Project for the DTU course Data Compression and Image Communication. A Python implementation of an audio coder based on the MPEG-1 standard. Expanded upon by a special course with the title "Implementation and Evaluation of Perceptual Audio Coders."
The scope of this project is to implement an audio encoder and decoder based on the principles of Part 3 of the MPEG-1 standard (ISO/IEC 11172-3) \cite{mpeg} in Python. In particular, Layer I and II of the three coding levels described is implemented, and Psychoacoustic Model 1 described in Annex D.

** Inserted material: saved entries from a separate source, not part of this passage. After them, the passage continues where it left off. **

(* Consider the finite-horizon setting below with horizon $T$, transitions $P$, and agent rewards $\rho$, with $p_{\mathrm{maj}},p_{\mathrm{min}}>0$. Let $R_{\max}>0$ with $|R_{s,a}|\le R_{\max}$ and $|\rho_{s,a}|\le R_{\max}$ for all $s,a$. Let $\pi_0$ be a policy with $\Lambda^{(\pi_0)}_{s,a}\ge\lambda_0$ for all $s\in S,a\in A$, for some $\lambda_0>0$. Let $\epsilon,\delta>0$ and let $N_0\ge\dfrac{128\,T^2|S|^2R_{\max}^2\log(2|S|^2|A|/\delta)}{\lambda_0^2\epsilon^2}$. Run $N_0$ independent episodes of $\pi_0$ and form the empirical transition estimate $\hat P$ as described below; let $\hat M$ denote the model with $P$ replaced by $\hat P$. Assume $\Pi_{\mathrm{DP},\epsilon/4}\ne\varnothing$ and let $\pi^*$ be a maximizer of $R^{(\pi)}$ over $\Pi_{\mathrm{DP},\epsilon/4}$ (computed in the true model). Then with probability at least $1-\delta$ over the episodes, the set $\hat\Pi_{\mathrm{DP},\epsilon/2}$ (computed in $\hat M$) is nonempty, and every maximizer $\hat\pi$ of $\hat R^{(\pi)}$ over $\hat\Pi_{\mathrm{DP},\epsilon/2}$ satisfies $\hat\pi\in\Pi_{\mathrm{DP},\epsilon}$ and $R^{(\pi^* )}-R^{(\hat\pi)}\le\epsilon$, where $R^{(\cdot)}$ and $\Pi_{\mathrm{DP},\epsilon}$ refer to the true model.
   Context: Finite-horizon setting: $S,A$ finite nonempty sets, $D$ a probability distribution on $S$, transition kernel $P$ ($P_{s,a,s'}\ge0$, $\sum_{s'}P_{s,a,s'}=1$), rewards $R\in\mathbb{R}^{S\times A}$, horizon $T\in\mathbb{N}_{\ge1}$. A policy is $\pi\in\mathbb{R}^{S\times A}$ with $\pi_{s,a}\ge0$, $\sum_a\pi_{s,a}=1$. Let $P^{(\pi)}_{s,s'}=\sum_a\pi_{s,a}P_{s,a,s'}$; for a distribution $\mu$, $\mu^{(\pi,0)}=\mu$, $\mu^{(\pi,t)}_{s'}=\sum_s\mu^{(\pi,t-1)}_sP^{(\pi)}_{s,s'}$, and $\bar\mu^{(\pi)}=\frac1T\sum_{t=0}^{T-1}\mu^{(\pi,t)}$. Let $\Lambda^{(\pi)}_{s,a}=\bar D^{(\pi)}_s\pi_{s,a}$ and $R^{(\pi)}=\sum_{s,a}\Lambda^{(\pi)}_{s,a}R_{s,a}$. Fairness: $S=Z\times\tilde S$, $Z=\{\mathrm{maj},\mathrm{min}\}$, agent rewards $\rho\in\mathbb{R}^{S\times A}$; $p_z=\sum_{\tilde s}D_{(z,\tilde s)}$, $(D_z)_s=D_s\mathbb{I}[s=(z,\tilde s)\text{ for some }\tilde s]/p_z$; $\rho_z^{(\pi)}=\sum_{s,a}(\bar D_z^{(\pi)})_s\pi_{s,a}\rho_{s,a}$ where $\bar D_z^{(\pi)}$ is $\bar\mu^{(\pi)}$ for $\mu=D_z$; $\Pi_{\mathrm{DP},\eta}=\{\pi:|\rho_{\mathrm{maj}}^{(\pi)}-\rho_{\mathrm{min}}^{(\pi)}|\le\eta\}$. The same quantities with $P$ replaced by $\hat P$ are denoted $\hat R^{(\pi)},\hat\rho_z^{(\pi)},\hat\Pi_{\mathrm{DP},\eta}$. An episode of $\pi_0$ is a random trajectory $s_0\sim D$, $a_t\sim(\pi_0)_{s_t,\cdot}$, $s_{t+1}\sim P_{s_t,a_t,\cdot}$ for $t=0,\dots,T-1$, producing the observed tuples $(s_t,a_t,s_{t+1})$; episodes are independent. $\hat P_{s,a,s'}$ is the number of observed tuples $(s,a,s')$ divided by the number of observed tuples of the form $(s,a,\cdot)$ (an arbitrary distribution if the latter is $0$). *)

theory Defs
  imports Complex_Main
begin

definition is_distr :: "('st::finite \<Rightarrow> real) \<Rightarrow> bool" where
  "is_distr \<mu> \<longleftrightarrow> (\<forall>s. \<mu> s \<ge> 0) \<and> (\<Sum>s\<in>UNIV. \<mu> s) = 1"

definition is_kernel :: "('st::finite \<Rightarrow> 'a::finite \<Rightarrow> 'st \<Rightarrow> real) \<Rightarrow> bool" where
  "is_kernel P \<longleftrightarrow> (\<forall>s a s'. P s a s' \<ge> 0) \<and> (\<forall>s a. (\<Sum>s'\<in>UNIV. P s a s') = 1)"

definition is_policy :: "('st::finite \<Rightarrow> 'a::finite \<Rightarrow> real) \<Rightarrow> bool" where
  "is_policy \<pi> \<longleftrightarrow> (\<forall>s a. \<pi> s a \<ge> 0) \<and> (\<forall>s. (\<Sum>a\<in>UNIV. \<pi> s a) = 1)"

definition Ppi :: "('st::finite \<Rightarrow> 'a::finite \<Rightarrow> 'st \<Rightarrow> real) \<Rightarrow> ('st \<Rightarrow> 'a \<Rightarrow> real) \<Rightarrow> 'st \<Rightarrow> 'st \<Rightarrow> real" where
  "Ppi P \<pi> s s' = (\<Sum>a\<in>UNIV. \<pi> s a * P s a s')"

fun mu_t :: "('st::finite \<Rightarrow> 'a::finite \<Rightarrow> 'st \<Rightarrow> real) \<Rightarrow> ('st \<Rightarrow> 'a \<Rightarrow> real) \<Rightarrow> ('st \<Rightarrow> real) \<Rightarrow> nat \<Rightarrow> 'st \<Rightarrow> real" where
  "mu_t P \<pi> \<mu> 0 = \<mu>"
| "mu_t P \<pi> \<mu> (Suc t) = (\<lambda>s'. \<Sum>s\<in>UNIV. mu_t P \<pi> \<mu> t s * Ppi P \<pi> s s')"

definition mu_bar :: "nat \<Rightarrow> ('st::finite \<Rightarrow> 'a::finite \<Rightarrow> 'st \<Rightarrow> real) \<Rightarrow> ('st \<Rightarrow> 'a \<Rightarrow> real) \<Rightarrow> ('st \<Rightarrow> real) \<Rightarrow> 'st \<Rightarrow> real" where
  "mu_bar T P \<pi> \<mu> s = (1 / real T) * (\<Sum>t<T. mu_t P \<pi> \<mu> t s)"

definition Lam :: "nat \<Rightarrow> ('st::finite \<Rightarrow> 'a::finite \<Rightarrow> 'st \<Rightarrow> real) \<Rightarrow> ('st \<Rightarrow> real) \<Rightarrow> ('st \<Rightarrow> 'a \<Rightarrow> real) \<Rightarrow> 'st \<Rightarrow> 'a \<Rightarrow> real" where
  "Lam T P D \<pi> s a = mu_bar T P \<pi> D s * \<pi> s a"

definition Rval :: "nat \<Rightarrow> ('st::finite \<Rightarrow> 'a::finite \<Rightarrow> 'st \<Rightarrow> real) \<Rightarrow> ('st \<Rightarrow> real) \<Rightarrow> ('st \<Rightarrow> 'a \<Rightarrow> real) \<Rightarrow> ('st \<Rightarrow> 'a \<Rightarrow> real) \<Rightarrow> real" where
  "Rval T P D R \<pi> = (\<Sum>s\<in>UNIV. \<Sum>a\<in>UNIV. Lam T P D \<pi> s a * R s a)"

datatype grp = Maj | Min

lemma UNIV_grp: "(UNIV :: grp set) = {Maj, Min}"
  using grp.exhaust by auto

instance grp :: finite
  by standard (simp add: UNIV_grp)

definition p_grp :: "(grp \<times> 's::finite \<Rightarrow> real) \<Rightarrow> grp \<Rightarrow> real" where
  "p_grp D z = (\<Sum>s\<in>UNIV. D (z, s))"

definition D_grp :: "(grp \<times> 's::finite \<Rightarrow> real) \<Rightarrow> grp \<Rightarrow> grp \<times> 's \<Rightarrow> real" where
  "D_grp D z x = (if fst x = z then D x / p_grp D z else 0)"

definition rho_grp :: "nat \<Rightarrow> (grp \<times> 's::finite \<Rightarrow> 'a::finite \<Rightarrow> grp \<times> 's \<Rightarrow> real) \<Rightarrow> (grp \<times> 's \<Rightarrow> real)
    \<Rightarrow> (grp \<times> 's \<Rightarrow> 'a \<Rightarrow> real) \<Rightarrow> (grp \<times> 's \<Rightarrow> 'a \<Rightarrow> real) \<Rightarrow> grp \<Rightarrow> real" where
  "rho_grp T P D \<rho> \<pi> z = (\<Sum>s\<in>UNIV. \<Sum>a\<in>UNIV. mu_bar T P \<pi> (D_grp D z) s * \<pi> s a * \<rho> s a)"

definition PiDP :: "nat \<Rightarrow> (grp \<times> 's::finite \<Rightarrow> 'a::finite \<Rightarrow> grp \<times> 's \<Rightarrow> real) \<Rightarrow> (grp \<times> 's \<Rightarrow> real)
    \<Rightarrow> (grp \<times> 's \<Rightarrow> 'a \<Rightarrow> real) \<Rightarrow> real \<Rightarrow> (grp \<times> 's \<Rightarrow> 'a \<Rightarrow> real) set" where
  "PiDP T P D \<rho> \<eta> = {\<pi>. is_policy \<pi> \<and> \<bar>rho_grp T P D \<rho> \<pi> Maj - rho_grp T P D \<rho> \<pi> Min\<bar> \<le> \<eta>}"

text \<open>An episode is the list of its T observed tuples (s_t, a_t, s_{t+1}), t = 0..T-1.\<close>
definition valid_traj :: "nat \<Rightarrow> ('st \<times> 'a \<times> 'st) list \<Rightarrow> bool" where
  "valid_traj T tr \<longleftrightarrow> length tr = T \<and>
     (\<forall>i. Suc i < T \<longrightarrow> snd (snd (tr ! i)) = fst (tr ! Suc i))"

definition traj_prob :: "('st \<Rightarrow> real) \<Rightarrow> ('st \<Rightarrow> 'a \<Rightarrow> 'st \<Rightarrow> real) \<Rightarrow> ('st \<Rightarrow> 'a \<Rightarrow> real)
    \<Rightarrow> ('st \<times> 'a \<times> 'st) list \<Rightarrow> real" where
  "traj_prob D P \<pi>0 tr = D (fst (hd tr)) *
     (\<Prod>i<length tr. (case tr ! i of (s, a, s') \<Rightarrow> \<pi>0 s a * P s a s'))"

definition datasets :: "nat \<Rightarrow> nat \<Rightarrow> ('st \<times> 'a \<times> 'st) list list set" where
  "datasets T N = {ds. length ds = N \<and> (\<forall>tr\<in>set ds. valid_traj T tr)}"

The Layer I audio coder is based on a subband coding approach, using a so-called polyphase filterbank, and scaling and quantizing blocks of subband samples individually. To determine the optimal distribution of coding bits available for each frame amongst the subbands, mask-to-noise ratios (MNR) are calculated for each subband and coding bits are spent in an iterative manner to the subband that will benefit most from an increase in quantization steps. Layer II is an extension that employs a number of mechanisms that are able to save coding bits in the overhead, leaving more bits available to code the signal samples, leading to lower distortion at equal rates.
The evaluation of the coder is performed on a chosen test music signal by measuring the code length, determining the distortion and calculating an entropy estimate to give indications of the potential usefulness of adding an entropy coder to the system.
To look at the results of some tests that were performed, evaluationScript.py and evaluationScriptLayerII.py offer the reproduction of the results presented in the reports, including rate-distoriton, spectral comparison and entropy estimate.
The heart of the coder is implemented in mpegAudioFunctions.py
The psychoacoustic model is implemented in mpegAudioPsyAcMod.py
These can be tested with the mpegFullTest.py script. Within the script the bit rate can be altered and the test data and perceptual model can be chosen. In the current setting 10 seconds of "Tom's Diner" will be encoded with Layer I at 32 kbit/s using the SPL perceptual model with A-weighting.
The test script can be run with an IDE like Spyder or with a command line operation, provided Python is installed on your system. In the current directory, run the command
python mpegFullTest.py
You will recieve a command line output stating the running time of the different coding steps as well as SNR calculation and entropy estimate of the scale factors. Two WAV-files are generated for perceptual evaluation, test_source.wav and test_recons.wav. This way you can compare the source signal with the resonstructed signal.
Additional scripts include mpegFilterBankTest.py and quantizeCompare.py which are not relevant for testing the implementation in its current state.